Représentations du procureur du plaignant
[38]
Le procureur du plaignant a rappelé au Conseil que, dans le cadre de
l’imposition d’une sanction, il devait considérer les critères objectifs et subjectifs.
[39]
Il est d’avis que la proposition qui sera soumise par les parties respectera le
critère essentiel de la mission de l’Ordre, qui est la protection du public.
[40]
Le procureur du plaignant a rappelé que l’enquête de son client a révélé que les
fautes qui ont été commises par l’intimé n’étaient pas dues à un manque de
connaissance technique. De même, il a souligné que l’intimé, qui est ingénieur depuis
22 ans, n’a jamais eu de problèmes déontologiques dans le passé.
[41]
Le procureur du plaignant a indiqué au Conseil que son client était convaincu
que l’intimé avait appris de cette expérience et que la leçon avait portée fruit.
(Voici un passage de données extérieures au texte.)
lemma is_blaschke_level_set_through:
  assumes B: "is_blaschke B n" and w: "cmod w = 1"
  defines "S \<equiv> {y. cmod y = 1 \<and> y * B y = w * B w}"
  shows "finite S" and "w \<in> S" and "card (S - {w}) = n"
    and "(\<Sum>y\<in>S-{w}. 1 / (1 + cmod (deriv B y))) = 1 - 1 / (1 + cmod (deriv B w))"
proof -
  have "cmod (w * B w) = 1" using is_blaschke_norm_on_circle[OF B w] w by (simp add: norm_mult)
  note level = is_blaschke_level_set_weights[OF B this]
  show fin: "finite S" using level(1) by (simp add: S_def)
  show wS: "w \<in> S" using w by (simp add: S_def)
  show "card (S - {w}) = n" using level(2) fin wS by (simp add: S_def)
  have "(\<Sum>y\<in>S. 1 / (1 + cmod (deriv B y))) = 1" using level(3) by (simp add: S_def)
  then show "(\<Sum>y\<in>S-{w}. 1 / (1 + cmod (deriv B y))) = 1 - 1 / (1 + cmod (deriv B w))"
    using sum.remove[OF fin wS, of "\<lambda>y. 1 / (1 + cmod (deriv B y))"] by linarith
qed

lemma extremal_pointsI:
  assumes fin: "finite S" and w: "w \<in> S" and card: "card (S - {w}) = n" and lam: "cmod lam = 1"
    and S: "\<And>y. y \<in> S \<Longrightarrow> cmod y = 1 \<and> y * B y = lam"
    and deriv_w: "cmod (deriv B w) = real n / (\<nu> + 1)"
    and deriv_others: "\<And>y. y \<in> S - {w} \<Longrightarrow> cmod (deriv B y) = real n + \<nu>"
  shows "extremal_points B n \<nu>"
proof -
  obtain h where h: "bij_betw h {1..n} (S - {w})"
    using ex_bij_betw_nat_finite_1[of "S - {w}"] fin card by auto
  define z where "z = h(0 := w)"
  have z_h: "z k = h k" if "k \<in> {1..n}" for k using that by (simp add: z_def)
  have z_others: "z ` {1..n} = S - {w}"
  proof -
    have "z ` {1..n} = h ` {1..n}" by (rule image_cong[OF refl z_h])
    then show ?thesis using bij_betw_imp_surj_on[OF h] by simp
  qed
  have "inj_on z {1..n}"
    using inj_on_cong[of "{1..n}" z h] z_h bij_betw_imp_inj_on[OF h] by blast
  moreover have "z 0 \<notin> z ` {1..n}" using z_others by (simp add: z_def)
  moreover have "{0..n} = insert 0 {1..n}" by auto
  ultimately have "inj_on z {0..n}" by simp
  moreover have "z k \<in> S" if "k \<le> n" for k
  proof (cases "k = 0")
    case True then show ?thesis using w by (simp add: z_def)
  next
    case False then show ?thesis using that z_others by auto
  qed
  ultimately show ?thesis
    unfolding extremal_points_def
  proof (intro exI[of _ lam] exI[of _ z] conjI ballI allI impI)
    show "cmod (deriv B (z 0)) = real n / (\<nu> + 1)" using deriv_w by (simp add: z_def)
    show "cmod (deriv B (z k)) = real n + \<nu>" if "k \<in> {1..n}" for k
      using deriv_others z_others that by blast
  qed (use lam S in blast)+
qed
text \<open>Unit triangles of the triangular lattice spanned (from origin o) by unit
  vectors u, v enclosing an angle of 60 degrees: the "up" and "down" triangles
  with lattice coordinates (i, j).\<close>
definition lattice_triangle :: "real^3 \<Rightarrow> real^3 \<Rightarrow> real^3 \<Rightarrow> int \<Rightarrow> int \<Rightarrow> bool \<Rightarrow> (real^3) set" where
  "lattice_triangle o' u v i j up =
     (let p = (\<lambda>a b::int. o' + of_int a *\<^sub>R u + of_int b *\<^sub>R v) in
      if up then convex hull {p i j, p (i+1) j, p i (j+1)}
      else convex hull {p (i+1) j, p i (j+1), p (i+1) (j+1)})"

text \<open>A polyiamond: a union of (finitely many, at least one) unit equilateral
  triangles glued edge to edge, i.e. cells of a triangular lattice with unit edge
  length in some plane of space.\<close>
definition polyiamond :: "(real^3) set \<Rightarrow> bool" where
  "polyiamond F \<longleftrightarrow>
     (\<exists>o' u v T. norm u = 1 \<and> norm v = 1 \<and> inner u v = 1/2 \<and>
        finite T \<and> T \<noteq> {} \<and>
        F = (\<Union>(i, j, up)\<in>T. lattice_triangle o' u v i j up))"

definition convex_polyiamond :: "(real^3) set \<Rightarrow> bool" where
  "convex_polyiamond F \<longleftrightarrow> convex F \<and> polyiamond F"

text \<open>A convex polyhedron in 3-space: a 3-dimensional polytope. Its faces
  (in the sense of polygonal faces) are its facets.\<close>
definition convex_polyhedron :: "(real^3) set \<Rightarrow> bool" where
  "convex_polyhedron K \<longleftrightarrow> polytope K \<and> aff_dim K = 3"

definition can_be_domed :: "(real^3) set \<Rightarrow> bool" where
  "can_be_domed P \<longleftrightarrow>
     (\<exists>K. convex_polyhedron K \<and> P facet_of K \<and>
          (\<forall>F. F facet_of K \<and> F \<noteq> P \<longrightarrow> convex_polyiamond F))"

definition rectangle :: "(real^3) set \<Rightarrow> real \<Rightarrow> real \<Rightarrow> bool" where
  "rectangle P m n \<longleftrightarrow>
     (\<exists>a u v. norm u = 1 \<and> norm v = 1 \<and> inner u v = 0 \<and>
        P = convex hull {a, a + m *\<^sub>R u, a + n *\<^sub>R v, a + m *\<^sub>R u + n *\<^sub>R v})"

end

theory Submission
  imports Defs
begin

text \<open>
  Let \<open>n \<le> m\<close>. Over the \<open>m \<times> n\<close> rectangle erect the hip roof all four of whose
  sloping faces make the angle \<open>arctan (sqrt 2)\<close> with the base, the angle at which the
  triangles of a half octahedron meet its square base. A unit triangular lattice then fits each
  sloping face with one lattice direction along the base edge: the two ends are equilateral
  triangles of side \<open>n\<close> and the two long sides are trapezoids with parallel sides \<open>m\<close>
  and \<open>m - n\<close> and legs \<open>n\<close>, so all four are convex polyiamonds. The roof is computed
  in coordinates in which heights are divided by \<open>sqrt 2\<close>, where it is cut out by five
  halfspaces with integral data, and then carried onto the rectangle by an injective linear map
  and a translation.
\<close>

lemma facet_of_affine_image_iff:
  fixes f :: "'a::euclidean_space \<Rightarrow> 'b::euclidean_space"
  assumes "linear f" "inj f"
  shows "F facet_of (+) a ` f ` S \<longleftrightarrow> (\<exists>C. C facet_of S \<and> F = (+) a ` f ` C)"
proof -
  have image_iff: "(+) a ` f ` C facet_of (+) a ` f ` S \<longleftrightarrow> C facet_of S" for C
    using assms by (simp add: facet_of_def face_of_linear_image aff_dim_translation_eq)
  show ?thesis
  proof
    assume F: "F facet_of (+) a ` f ` S"
    then have "F \<subseteq> (+) a ` f ` S"
      by (rule facet_of_imp_subset)
    define C where "C = {x \<in> S. a + f x \<in> F}"
    have FC: "F = (+) a ` f ` C"
      using \<open>F \<subseteq> (+) a ` f ` S\<close> by (auto simp: C_def)
    have "C facet_of S"
      using F unfolding FC image_iff .
    with FC show "\<exists>C. C facet_of S \<and> F = (+) a ` f ` C"
      by blast
  qed (use image_iff in auto)
qed
lemma sumset_mod_subset: "P > 0 \<Longrightarrow> sumset_mod P A B \<subseteq> {0..<P}"
  unfolding sumset_mod_def by auto

lemma sumset_mod_mono: "A' \<subseteq> A \<Longrightarrow> B' \<subseteq> B \<Longrightarrow> sumset_mod P A' B' \<subseteq> sumset_mod P A B"
  unfolding sumset_mod_def by blast

lemma residues_eq_if_card_ge:
  fixes P :: int
  assumes "A \<subseteq> {0..<P}" and "P \<le> int (card A)"
  shows "A = {0..<P}"
proof -
  have "card A \<le> card {0..<P}"
    using assms(1) by (intro card_mono) auto
  then have "card A = card {0..<P}"
    using assms(2) by simp
  then show ?thesis
    using assms(1) by (intro card_subset_eq) auto
qed

lemma inj_on_add_mod:
  fixes P :: int
  assumes "A \<subseteq> {0..<P}"
  shows "inj_on (\<lambda>a. (a + c) mod P) A"
proof
  fix a1 a2 assume "a1 \<in> A" "a2 \<in> A" and "(a1 + c) mod P = (a2 + c) mod P"
  then have "a1 mod P = a2 mod P"
    by (simp add: mod_eq_dvd_iff)
  moreover have "a1 mod P = a1" "a2 mod P = a2"
    using assms \<open>a1 \<in> A\<close> \<open>a2 \<in> A\<close> by auto
  ultimately show "a1 = a2"
    by simp
qed

lemma card_sumset_mod_singleton:
  assumes "A \<subseteq> {0..<P}"
  shows "card (sumset_mod P A {b}) = card A"
proof -
  have "sumset_mod P A {b} = (\<lambda>a. (a + b) mod P) ` A"
    unfolding sumset_mod_def by auto
  then show ?thesis
    using card_image[OF inj_on_add_mod[OF assms]] by simp
qed

lemma sumset_mod_all_residues:
  assumes "B \<noteq> {}"
  shows "sumset_mod P {0..<P} B = {0..<P}"
proof
  show "sumset_mod P {0..<P} B \<subseteq> {0..<P}"
    unfolding sumset_mod_def by auto
  obtain b where "b \<in> B"
    using assms by blast
  show "{0..<P} \<subseteq> sumset_mod P {0..<P} B"
  proof
    fix r assume r: "r \<in> {0..<P}"
    then have "r = ((r - b) mod P + b) mod P"
      by (simp add: mod_add_left_eq)
    moreover have "(r - b) mod P \<in> {0..<P}"
      using r by simp
    ultimately show "r \<in> sumset_mod P {0..<P} B"
      unfolding sumset_mod_def using \<open>b \<in> B\<close> by blast
  qed
qed
lemma (in group) no_four_group_if_cyclic_sylow:
  assumes "finite (carrier G)" "sylow_subgroup 2 G P" "cyclic_group (subgroup_generated G P)"
    and x: "x \<in> carrier G" "x \<otimes> x = \<one>" "x \<noteq> \<one>"
    and y: "y \<in> carrier G" "y \<otimes> y = \<one>" "y \<noteq> \<one>"
    and xy: "(x \<otimes> y) \<otimes> (x \<otimes> y) = \<one>" "x \<noteq> y"
  shows False
proof -
  have P: "subgroup P G" using assms(2) by (simp add: sylow_subgroup_def)
  obtain a where a: "a \<in> carrier G" "a \<otimes> x \<otimes> inv a \<in> P" "a \<otimes> y \<otimes> inv a \<in> P"
    using commuting_involutions_conj_into_sylow[OF assms(1,2) x(1,2) y(1,2)]
      involutions_commute[OF x(1) y(1) x(2) y(2) xy(1)] by blast
  define conj where "conj z = a \<otimes> z \<otimes> inv a" for z
  have cancel: "inv a \<otimes> (a \<otimes> z) = z" if "z \<in> carrier G" for z
    using that a(1) by (simp add: m_assoc[symmetric])
  have conj_mult: "conj z1 \<otimes> conj z2 = conj (z1 \<otimes> z2)"
    if "z1 \<in> carrier G" "z2 \<in> carrier G" for z1 z2
    using that a(1) by (simp add: conj_def m_assoc cancel)
  have conj_inj: "z1 = z2" if "conj z1 = conj z2" "z1 \<in> carrier G" "z2 \<in> carrier G" for z1 z2
    using that a(1) by (simp add: conj_def)
  have conj_one: "conj \<one> = \<one>" using a(1) by (simp add: conj_def)
  have "conj x = conj y"
  proof (rule group.cyclic_group_involution_unique[OF _ assms(3)])
    show "group (subgroup_generated G P)" by simp
    show "conj x \<in> carrier (subgroup_generated G P)" "conj y \<in> carrier (subgroup_generated G P)"
      using a P by (simp_all add: conj_def subgroup.carrier_subgroup_generated_subgroup)
    show "conj x \<otimes>\<^bsub>subgroup_generated G P\<^esub> conj x = \<one>\<^bsub>subgroup_generated G P\<^esub>"
      "conj y \<otimes>\<^bsub>subgroup_generated G P\<^esub> conj y = \<one>\<^bsub>subgroup_generated G P\<^esub>"
      using conj_mult[OF x(1) x(1)] conj_mult[OF y(1) y(1)] x(2) y(2) conj_one by simp_all
    show "conj x \<noteq> \<one>\<^bsub>subgroup_generated G P\<^esub>" "conj y \<noteq> \<one>\<^bsub>subgroup_generated G P\<^esub>"
      using conj_inj[OF _ x(1) one_closed] conj_inj[OF _ y(1) one_closed] x(3) y(3) conj_one
      by auto
  qed
  then show False using conj_inj x(1) y(1) xy(2) by blast
qed

lemma (in group) conjugate_involution_triple_in_lower_central:
  assumes "T \<subseteq> carrier G" "\<And>t. t \<in> T \<Longrightarrow> t \<otimes> t = \<one>"
    and conjugate: "\<And>s t. s \<in> T \<Longrightarrow> t \<in> T \<Longrightarrow> \<exists>g\<in>carrier G. t = g \<otimes> s \<otimes> inv g"
  shows "x \<in> T \<Longrightarrow> y \<in> T \<Longrightarrow> x \<otimes> y \<in> T \<Longrightarrow> x \<in> lower_central G n"
proof (induction n arbitrary: x y)
  case 0
  then show ?case using assms(1) by auto
next
  case (Suc n)
  define c where "c = x \<otimes> y"
  have carr: "x \<in> carrier G" "y \<in> carrier G" "c \<in> carrier G"
    using Suc.prems assms(1) by (auto simp: c_def)
  have invol: "x \<otimes> x = \<one>" "y \<otimes> y = \<one>" "c \<otimes> c = \<one>"
    using Suc.prems assms(2) by (auto simp: c_def)
  have "c \<in> T" using Suc.prems(3) by (simp add: c_def)
  have "c \<otimes> x = y \<otimes> x \<otimes> x"
    using involutions_commute[OF carr(1,2) invol(1,2)] invol(3) by (simp add: c_def)
  also have "\<dots> = y" using carr invol(1) by (simp add: m_assoc)
  finally have "c \<in> lower_central G n"
    using Suc.IH[OF \<open>c \<in> T\<close> Suc.prems(1)] Suc.prems(2) by simp
  obtain g where g: "g \<in> carrier G" "y = g \<otimes> c \<otimes> inv g"
    using conjugate[OF \<open>c \<in> T\<close> Suc.prems(2)] by blast
  have "inv c = c" using invol(3) carr(3) by (simp add: inv_equality)
  then have "c \<otimes> g \<otimes> inv c \<otimes> inv g = c \<otimes> y"
    using g carr by (simp add: m_assoc)
  also have "\<dots> = x" using carr invol(2) by (simp add: c_def m_assoc)
  finally show ?case using \<open>c \<in> lower_central G n\<close> g(1) by (auto intro!: generate.incl)
qed

lemma point_stab_intersecting:
  assumes "v \<in> V"
  shows "intersecting V G (point_stab G v)"
  using assms by (auto simp: intersecting_def point_stab_def intro!: bexI[of _ v])

lemma EKR_if_intersecting_card_le:
  assumes "v0 \<in> V" "\<And>v. v \<in> V \<Longrightarrow> card (point_stab G v) = k"
    and bound: "\<And>F. intersecting V G F \<Longrightarrow> card F \<le> k"
  shows "EKR V G"
proof -
  have "{card (point_stab G v) | v. v \<in> V} = {k}" using assms(1,2) by auto
  moreover have "Max {card F | F. intersecting V G F} = k"
  proof (rule Max_eqI)
    show "finite {card F | F. intersecting V G F}"
      by (rule finite_subset[of _ "{..k}"]) (auto dest: bound)
    show "k \<in> {card F | F. intersecting V G F}"
      using point_stab_intersecting[OF assms(1)] assms(1,2) by force
  qed (auto dest: bound)
  ultimately show ?thesis unfolding EKR_def by simp
qed

locale transitive_stab_two =
  fixes H :: "('a \<Rightarrow> 'a) monoid" (structure) and V :: "'a set" and G :: "('a \<Rightarrow> 'a) set"
  assumes H_eq: "H = pgroup V G"
    and perm_group: "perm_group V G"
    and transitive: "transitive_on V G"
    and card_point_stab: "\<And>v. v \<in> V \<Longrightarrow> card (point_stab G v) = 2"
Selon lui,
ses chances de récidive sont nulles.
[42]
Le procureur du plaignant a également souligné que, bien que l’intimé ait
collaboré «sur le tard», il avait finalement collaboré de façon adéquate avec le syndic.
[43]
À la décharge de l’intimé, il a toutefois souligné que celui-ci avait initialement
plaidé non coupable puisqu’il croyait, à tort, que l’infraction quant au chef numéro 2,
fondé sur l’article 2.04 du Code de déontologie des ingénieurs, visait un manque de
connaissances techniques de sa part.
[44]
Le procureur du plaignant a expliqué que son client avait fait comprendre à
l’intimé qu’il avait omis de prendre les informations nécessaires avant de signer et de
sceller un plan.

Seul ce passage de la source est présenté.